The second PANCAP dialogue, Ramdahin said, represents yet another step in the way forward for laying the foundations for increasing engagement and promoting solidarity among stakeholder groups.
The PANCAP dialogue came to fruition even as Guyana redoubles its efforts to wage war against threatening HIV/AIDS trends. In its mid-year report, government admitted that the incidence of HIV grew to 142 cases per 100,000 persons, significantly higher than the 2018 rate of 117 per 100,000 persons.
In the face of this dilemma, “testing for HIV remains one of the most important activities in the fight against the virus,” government stated in the report.
To this end, and in its pursuit to achieve the 90-90-90 Treat All HIV Policy, government said that it has committed to increasing HIV testing and, with the help of Non-Governmental Organisations [NGOs], aim to augment access to testing of vulnerable groups.
The 90-90-90 goal is one which aims to ensure that by next year all people living with HIV will know their HIV status; all people diagnosed as positive will receive sustained treatment and all people receiving treatment will have viral suppression.

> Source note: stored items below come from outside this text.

(* Let $A,B\in\mathbb{C}$ with $4A^3+27B^2\neq0$, and let $C=\{(x,y)\in\mathbb{C}^2: y^2=x^3+Ax+B\}$ be the corresponding smooth affine cubic curve. Then for every polynomial $P\in\mathbb{C}[x,y]$ the restriction $P|_C:C\to\mathbb{C}$ has at least one critical point on $C$, i.e. there is a point of $C$ at which the differential of $P|_C$ vanishes.
   Context: The curve $C$ is parametrized as $t\mapsto(x(t),y(t))$, $t\in\mathbb{C}\setminus\Gamma$, where $\Gamma\subset\mathbb{C}$ is a lattice of rank two and $x,y$ are $\Gamma$-periodic meromorphic (elliptic) functions, holomorphic on $\mathbb{C}\setminus\Gamma$ with poles at the points of $\Gamma$, satisfying $y^2=x^3+Ax+B$; this parametrization is a local biholomorphism onto $C$. *)

theory Defs
  imports "HOL-Analysis.Analysis"
begin

definition poly2 :: "(nat \<Rightarrow> nat \<Rightarrow> complex) \<Rightarrow> nat \<Rightarrow> complex \<times> complex \<Rightarrow> complex" where
  "poly2 c n = (\<lambda>(x, y). \<Sum>i\<le>n. \<Sum>j\<le>n. c i j * x ^ i * y ^ j)"

definition cubic_eq :: "complex \<Rightarrow> complex \<Rightarrow> complex \<times> complex \<Rightarrow> complex" where
  "cubic_eq A B = (\<lambda>(x, y). y ^ 2 - (x ^ 3 + A * x + B))"

definition cubic_curve :: "complex \<Rightarrow> complex \<Rightarrow> (complex \<times> complex) set" where
  "cubic_curve A B = {(x, y). y ^ 2 = x ^ 3 + A * x + B}"

text \<open>p is a critical point of P restricted to C: p lies on C and the differential of P at p
  vanishes on the tangent space of C at p, i.e. on the kernel of dF_p.\<close>
definition critical_point_on_curve ::
  "complex \<Rightarrow> complex \<Rightarrow> (complex \<times> complex \<Rightarrow> complex) \<Rightarrow> complex \<times> complex \<Rightarrow> bool" where
  "critical_point_on_curve A B P p \<longleftrightarrow>
     p \<in> cubic_curve A B \<and>
     (\<exists>P' F'. (P has_derivative P') (at p) \<and> (cubic_eq A B has_derivative F') (at p) \<and>
        (\<forall>v. F' v = 0 \<longrightarrow> P' v = 0))"

end

theory Submission
  imports Defs "HOL-Computational_Algebra.Fundamental_Theorem_Algebra"
begin

text \<open>Write the curve as \<open>y\<^sup>2 = f(x)\<close>. On it the vector field \<open>D = 2y \<partial>\<^sub>x + f'(x) \<partial>\<^sub>y\<close> is
  tangent and, by smoothness, nowhere zero, so the critical points of \<open>P\<close> on the curve are the zeros
  of \<open>D P\<close>. Reducing \<open>P\<close> modulo \<open>y\<^sup>2 - f\<close> to \<open>a(x) + y b(x)\<close> gives \<open>D P = y H(x) + G(x)\<close> on
  the curve, with \<open>H = 2a'\<close> and \<open>G = f'b + 2fb'\<close>. If \<open>D P\<close> had no zero, it would be a unit of the
  coordinate ring; as \<open>deg f\<close> is odd, the norm \<open>G\<^sup>2 - f H\<^sup>2\<close> shows that units are constants.
  But \<open>b G = (f b\<^sup>2)'\<close> has degree \<open>> deg b\<close> unless \<open>b = 0\<close>, so \<open>G\<close> constant forces \<open>b = 0\<close>,
  hence \<open>D P = 0\<close>: a contradiction.\<close>

lemma degree_diff_eq_max:
  fixes p q :: "'a::ab_group_add poly"
  assumes "degree p \<noteq> degree q"
  shows "degree (p - q) = max (degree p) (degree q)"
  using assms degree_add_eq_left[of "- q" p] degree_add_eq_right[of p "- q"]
  by (cases "degree p < degree q") (auto simp: max_def)

lemma pderiv_sum: "pderiv (sum g S) = (\<Sum>s\<in>S. pderiv (g s))"
  using higher_pderiv_sum[of 1] by simp

lemma poly_pderiv_monom_mult_power:
  fixes f :: "'a::idom poly"
  shows "poly (pderiv (monom 1 i * f ^ k)) x =
    of_nat i * x ^ (i - 1) * poly f x ^ k + x ^ i * (of_nat k * poly f x ^ (k - 1) * poly (pderiv f) x)"
  by (simp add: pderiv_mult pderiv_power pderiv_monom poly_monom algebra_simps)

lemma nowhere_zero_on_curve_imp_constant:
  fixes f G H :: "complex poly"
  assumes deg_f: "odd (degree f)"
    and nonzero: "\<And>x y. y ^ 2 = poly f x \<Longrightarrow> y * poly H x + poly G x \<noteq> 0"
  shows "H = 0 \<and> degree G = 0"
proof -
  have no_root_imp_const: "degree p = 0" if "\<And>x. poly p x \<noteq> 0" for p :: "complex poly"
    using fundamental_theorem_of_algebra[of p] constant_degree[of p] that by blast
  have "poly (G ^ 2 - f * H ^ 2) x \<noteq> 0" for x
  proof -
    define y where "y = csqrt (poly f x)"
    have "poly (G ^ 2 - f * H ^ 2) x = (y * poly H x + poly G x) * (- y * poly H x + poly G x)"
      by (simp add: y_def algebra_simps power2_eq_square[symmetric])
    then show ?thesis using nonzero[of y x] nonzero[of "- y" x] by (simp add: y_def)
  qed
  then have norm_const: "degree (G ^ 2 - f * H ^ 2) = 0" by (rule no_root_imp_const)
  have H0: "H = 0"
  proof (rule ccontr)
    assume "H \<noteq> 0"
    moreover have "f \<noteq> 0" using deg_f by auto
    ultimately have deg_fH: "degree (f * H ^ 2) = degree f + 2 * degree H"
      by (simp add: degree_mult_eq degree_power_eq)
    moreover have "degree (G ^ 2) = 2 * degree G"
      by (cases "G = 0") (simp_all add: degree_power_eq)
    ultimately have "degree (G ^ 2) \<noteq> degree (f * H ^ 2)"
      using deg_f by presburger
    then have "degree (G ^ 2 - f * H ^ 2) \<ge> degree f"
      using deg_fH by (simp add: degree_diff_eq_max)
    then show False using norm_const deg_f by presburger
  qed
  have "poly G x \<noteq> 0" for x
    using nonzero[of "csqrt (poly f x)" x] H0 by simp
  then show ?thesis using H0 no_root_imp_const by blast
qed

text \<open>On the curve \<open>y\<^sup>2 = f(x)\<close>, \<open>D (y b(x)) = 2y\<^sup>2 b'(x) + f'(x) b(x)\<close> is the polynomial
  \<open>odd_derivation f b\<close> in \<open>x\<close>.\<close>

definition odd_derivation :: "'a::idom poly \<Rightarrow> 'a poly \<Rightarrow> 'a poly" where
  "odd_derivation f b = pderiv f * b + 2 * f * pderiv b"

lemma poly_odd_derivation:
  "poly (odd_derivation f b) x = poly (pderiv f) x * poly b x + 2 * poly f x * poly (pderiv b) x"
  by (simp add: odd_derivation_def)

lemma odd_derivation_constant_imp_zero:
  fixes f b :: "'a::{idom,ring_char_0} poly"
  assumes const: "degree (odd_derivation f b) = 0" and deg_f: "degree f \<ge> 2"
  shows "b = 0"
proof (rule ccontr)
  assume "b \<noteq> 0"
  moreover have "f \<noteq> 0" using deg_f by auto
  ultimately have "degree (pderiv (f * b ^ 2)) = degree f + 2 * degree b - 1"
    by (simp add: degree_pderiv degree_mult_eq degree_power_eq)
  moreover have "pderiv (f * b ^ 2) = b * odd_derivation f b"
    by (simp add: odd_derivation_def pderiv_mult pderiv_power algebra_simps numeral_2_eq_2)
  moreover have "degree (b * odd_derivation f b) \<le> degree b"
    using degree_mult_le[of b "odd_derivation f b"] const by simp
  ultimately show False using deg_f by simp
qed

lemma tangential_derivative_monomial:
  fixes f :: "'a::idom poly"
  assumes on_curve: "y ^ 2 = poly f x"
  shows "2 * y * (of_nat i * x ^ (i - 1) * y ^ j) + poly (pderiv f) x * (x ^ i * (of_nat j * y ^ (j - 1))) =
    (if even j then y * poly (2 * pderiv (monom 1 i * f ^ (j div 2))) x
     else poly (odd_derivation f (monom 1 i * f ^ (j div 2))) x)"
proof -
  have even_power: "y ^ (2 * k) = poly f x ^ k" for k
    by (simp add: power_mult on_curve)
  have odd_power: "y ^ (2 * k + 1) = y * poly f x ^ k" for k
    by (simp add: even_power)
  show ?thesis
  proof (cases "even j")
    case True
    then obtain k where j: "j = 2 * k" by blast
    show ?thesis
    proof (cases k)
      case 0
      then show ?thesis using j by (simp add: pderiv_monom poly_monom)
    next
      case (Suc k')
      have pow: "y ^ j = poly f x ^ k" "y ^ (j - 1) = y * poly f x ^ (k - 1)"
        using even_power[of k] odd_power[of k'] j Suc by simp_all
      have "j div 2 = k" using j by simp
      show ?thesis using True unfolding pow \<open>j div 2 = k\<close>
        by (simp add: poly_pderiv_monom_mult_power j algebra_simps)
    qed
  next
    case False
    then obtain k where j: "j = 2 * k + 1" using oddE by blast
    have pow: "y ^ j = y * poly f x ^ k" "y ^ (j - 1) = poly f x ^ k"
      using even_power[of k] odd_power[of k] j by simp_all
    have "j div 2 = k" using j by simp
    have y_square: "y * (y * z) = poly f x * z" for z
      using on_curve by (simp add: power2_eq_square)
    have derivation: "poly (odd_derivation f (monom 1 i * f ^ k)) x =
        poly (pderiv f) x * x ^ i * poly f x ^ k + 2 * poly f x *
        (of_nat i * x ^ (i - 1) * poly f x ^ k + x ^ i * (of_nat k * poly f x ^ (k - 1) * poly (pderiv f) x))"
      by (simp add: poly_odd_derivation poly_pderiv_monom_mult_power poly_monom)
    show ?thesis using False unfolding pow \<open>j div 2 = k\<close> derivation
      by (cases k) (simp_all add: j algebra_simps y_square)
  qed
qed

Even as moves are made to ramp up testing, government said that, through its Public Health Ministry, it is poised to ensure that the package of care offered through the collaboration with NGOs will include sensitisation, the distribution of condoms and linking persons to care and treatment sites. Furthermore, government in the report detailed plans to pilot new initiative as a counter-measure against HIV.
Already set in motion is the establishment of a public-private partnership with doctors within the private sector to whom patients are to be referred for treatment. “While the cost of treatment will remain free, the patient will be required to cover the doctor’s consultation fee,” the Mid-report outlined. Also government promised the introduction Pre-Exposure Prophylaxis, which is a course of HIV drugs taken as a pre-emptive measure against the spread of disease, particularly targeted at vulnerable groups.